C’était dimanche. La journée fut ensoleillée : on avait emmené les
enfants au parc où on leur avait offert une glace. L’aîné, Dieu sait
par quelle manoeuvre, avait laissé choir la friandise sur le t-shirt
blanc du cadet. Ce dernier avait éclaté en pleurs en laissant échapper
un vilain filet de bave, tellement il tenait à son vêtement, si bien
qu’il ne tarda pas à lui donner un coup de poing au dos de la tête, à
l’aîné, qui, au lieu de riposter, esquissa un sourire empreint à la
fois de malice et de honte et lécha encore plus franchement sa glace
tout en regardant le ciel du coin des yeux. Sa mère-ma femme- eut
toutefois pour lui un élan de tendresse lui ébouriffant les cheveux non
sans une certaine fermeté, preuve de sa légère déception.

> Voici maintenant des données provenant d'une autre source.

lemma finite_SL_mod: "finite (SL_mod n p)"
proof -
  have "SL_mod n p \<subseteq> {B \<in> carrier_mat n n. (\<forall>i<n. \<forall>j<n. B $$ (i,j) \<in> {0..<int p}) \<and>
                                          (\<forall>(i,j)\<in>{}. B $$ (i,j) = 0)}"
    by (auto simp: SL_mod_def)
  then show ?thesis using card_mats_vanishing_on_le[of "{0..<int p}" "{}" n] finite_subset by auto
qed

lemma card_krylov_singular_down_shift_le:
  fixes B :: "int mat"
  assumes p: "prime p" and B: "B \<in> carrier_mat n n"
  shows "card {t \<in> {0..<int p}. int p dvd det (krylov_mat n (B + t \<cdot>\<^sub>m down_shift_mat n))}
           \<le> (\<Sum>j<n. j)"
proof -
  obtain q where "degree q \<le> (\<Sum>j<n. j)" and "coeff q (\<Sum>j<n. j) = 1"
    and "\<And>t. poly q t = det (krylov_mat n (B + t \<cdot>\<^sub>m down_shift_mat n))"
    using det_krylov_mat_add_down_shift_poly[OF B] by blast
  moreover have "\<not> int p dvd 1" using prime_gt_1_nat[OF p] by simp
  ultimately show ?thesis
    using card_roots_mod_prime_le_degree[OF p, of q "\<Sum>j<n. j"] by simp
qed

lemma card_det_add_scalar_cong_1_le:
  fixes M :: "int mat"
  assumes p: "prime p" and n: "1 \<le> n" and M: "M \<in> carrier_mat n n"
  shows "card {s \<in> {0..<int p}. [det (M + s \<cdot>\<^sub>m 1\<^sub>m n) = 1] (mod int p)} \<le> n"
proof -
  define h where "h = char_poly (- M) - 1"
  have "degree (char_poly (- M)) = n" "coeff (char_poly (- M)) n = 1"
    using degree_monic_char_poly[of "- M" n] M by auto
  then have "degree h \<le> n" "coeff h n = 1"
    using n by (auto simp: h_def degree_diff_le)
  moreover have "\<not> int p dvd 1" using prime_gt_1_nat[OF p] by simp
  moreover have "[det (M + s \<cdot>\<^sub>m 1\<^sub>m n) = 1] (mod int p) \<longleftrightarrow> int p dvd poly h s" for s
    by (simp add: h_def det_add_scalar_eq_poly_char_poly[OF M] cong_iff_dvd_diff)
  ultimately show ?thesis
    using card_roots_mod_prime_le_degree[OF p, of h n] by simp
qed

lemma card_shift_params_le:
  fixes B :: "int mat"
  assumes p: "prime p" and n: "1 \<le> n" and B: "B \<in> carrier_mat n n"
  shows "card {(s,t). s \<in> {0..<int p} \<and> t \<in> {0..<int p} \<and>
      int p dvd det (krylov_mat n (B + t \<cdot>\<^sub>m down_shift_mat n + s \<cdot>\<^sub>m 1\<^sub>m n)) \<and>
      [det (B + t \<cdot>\<^sub>m down_shift_mat n + s \<cdot>\<^sub>m 1\<^sub>m n) = 1] (mod int p)} \<le> (\<Sum>j<n. j) * n"
    (is "card ?P \<le> _")
proof -
  define Z where "Z = {t \<in> {0..<int p}. int p dvd det (krylov_mat n (B + t \<cdot>\<^sub>m down_shift_mat n))}"
  define R where "R t = {s \<in> {0..<int p}. [det (B + t \<cdot>\<^sub>m down_shift_mat n + s \<cdot>\<^sub>m 1\<^sub>m n) = 1] (mod int p)}" for t
  have Bt: "B + t \<cdot>\<^sub>m down_shift_mat n \<in> carrier_mat n n" for t using B by simp
  have "?P \<subseteq> (\<Union>t\<in>Z. (\<lambda>s. (s,t)) ` R t)"
    by (auto simp: Z_def R_def det_krylov_mat_add_scalar[OF Bt])
  moreover have "finite Z" "finite (R t)" for t
    by (rule finite_subset[of _ "{0..<int p}"]; auto simp: Z_def R_def)+
  ultimately have "card ?P \<le> card (\<Union>t\<in>Z. (\<lambda>s. (s,t)) ` R t)"
    by (intro card_mono) auto
  also have "\<dots> \<le> (\<Sum>t\<in>Z. card ((\<lambda>s. (s,t)) ` R t))"
    by (rule card_UN_le[OF \<open>finite Z\<close>])
  also have "\<dots> \<le> (\<Sum>t\<in>Z. n)"
  proof (rule sum_mono)
    fix t
    have "card ((\<lambda>s. (s,t)) ` R t) \<le> card (R t)" by (rule card_image_le[OF \<open>finite (R t)\<close>])
    also have "\<dots> \<le> n" unfolding R_def by (rule card_det_add_scalar_cong_1_le[OF p n Bt])
    finally show "card ((\<lambda>s. (s,t)) ` R t) \<le> n" .
  qed
  also have "\<dots> \<le> (\<Sum>j<n. j) * n"
    using card_krylov_singular_down_shift_le[OF p B] by (simp add: Z_def)
  finally show ?thesis .
qed

definition shift_base :: "nat \<Rightarrow> int \<Rightarrow> int mat \<Rightarrow> int mat" where
  "shift_base n m A = mat n n (\<lambda>(i,j). (A $$ (i,j) - (if i = Suc j then A $$ (1,0) else 0)
                                          - (if i = j then A $$ (0,0) else 0)) mod m)"

lemma mat_cong_shift_base:
  assumes "A \<in> carrier_mat n n"
  shows "mat_cong m (shift_base n m A + A $$ (1,0) \<cdot>\<^sub>m down_shift_mat n + A $$ (0,0) \<cdot>\<^sub>m 1\<^sub>m n) A"
proof -
  have mod_cancel: "[(x - y) mod m + y = x] (mod m)" for x y :: int
    using cong_add[OF cong_mod_leftI[OF cong_refl[of "x - y"]] cong_refl[of y]] by simp
  show ?thesis
    using assms by (intro mat_congI) (auto simp: shift_base_def down_shift_mat_def mod_cancel)
qed

lemma SL_krylov_singular_shift_base:
  assumes A: "A \<in> SL_mod n p" and singular: "int p dvd det (krylov_mat n A)"
  defines "A' \<equiv> shift_base n (int p) A + A $$ (1,0) \<cdot>\<^sub>m down_shift_mat n + A $$ (0,0) \<cdot>\<^sub>m 1\<^sub>m n"
  shows "int p dvd det (krylov_mat n A') \<and> [det A' = 1] (mod int p)"
proof -
  have carrier: "A \<in> carrier_mat n n" "A' \<in> carrier_mat n n"
    using A by (auto simp: SL_mod_def A'_def shift_base_def)
  have cong: "mat_cong (int p) A' A" unfolding A'_def by (rule mat_cong_shift_base[OF carrier(1)])
  have "[det (krylov_mat n A') = det (krylov_mat n A)] (mod int p)"
    by (rule mat_cong_det[OF krylov_mat_carrier mat_cong_krylov_mat[OF carrier(2) cong]])
  moreover have "[det A' = det A] (mod int p)" by (rule mat_cong_det[OF carrier(2) cong])
  ultimately show ?thesis
    using A singular by (auto simp: SL_mod_def cong_dvd_iff intro: cong_trans)
qed

lemma inj_on_shift_base:
  "inj_on (\<lambda>A. (shift_base n (int p) A, (A $$ (0,0), A $$ (1,0)))) (SL_mod n p)"
proof (rule inj_onI)
  fix A A' assume A: "A \<in> SL_mod n p" and A': "A' \<in> SL_mod n p"
    and eq: "(shift_base n (int p) A, (A $$ (0,0), A $$ (1,0))) = (shift_base n (int p) A', (A' $$ (0,0), A' $$ (1,0)))"
  have carrier: "A \<in> carrier_mat n n" "A' \<in> carrier_mat n n" using A A' by (auto simp: SL_mod_def)
  have "mat_cong (int p) A (shift_base n (int p) A + A $$ (1,0) \<cdot>\<^sub>m down_shift_mat n + A $$ (0,0) \<cdot>\<^sub>m 1\<^sub>m n)"
    by (rule mat_cong_sym[OF mat_cong_shift_base[OF carrier(1)]])
  also have "\<dots> = shift_base n (int p) A' + A' $$ (1,0) \<cdot>\<^sub>m down_shift_mat n + A' $$ (0,0) \<cdot>\<^sub>m 1\<^sub>m n"
    using eq by simp
  also have "mat_cong (int p) \<dots> A'" by (rule mat_cong_shift_base[OF carrier(2)])
  finally show "A = A'" using A A' by (intro SL_mod_eq_of_mat_cong)
qed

De retour à la voiture- l’incident de la glace avait clairement
écourté notre sortie, j’entrepris d’ouvrir la portière arrière du
véhicule aux deux rejetons, pensant que mon geste eût été vecteur de
réconciliation entre les deux gamins. Il n’en fut rien, puisque l’aîné,
rancunier de nature, tira furtivement son frère par le toupet en lui
sussurant des mots genre « tu verras à la maison », ce qui ne manqua
pas de m’énerver pour de bon tant je me surpris à émettre un cri de
castrat inspiré avant de refermer violemment la portière sur les deux
chérubins.
C’est exactement à ce moment qu’une phrase me traversa la tête, comme tombée du ciel :
« Je suis né par accident et je roule dans une BMW. »
Je suis scénariste de feuilletons télévisés, principalement auteur de drames à succès tels que
« Les dessous de Beyrouth », « Le Despote » et, actuellement, de «
Voisins », un sitcom pour adolescents, transposition patente de «
Friends », diffusé sur LBC International, tous les mercredis soirs
après le journal télévisé. A la différence de beaucoup qui cherchent à
vivre de leur plume, je ne peux pas me plaindre. En l’espace de trois
ans, mon nom était devenu une référence et une garantie de succès pour
les producteurs frileux. Aujourd’hui, je pense que ma carrière n’est
pas prête de s’arrêter, à moins que je ne le décide de plein gré pour
me consacrer à mon rêve d’enfant : écrire des romans.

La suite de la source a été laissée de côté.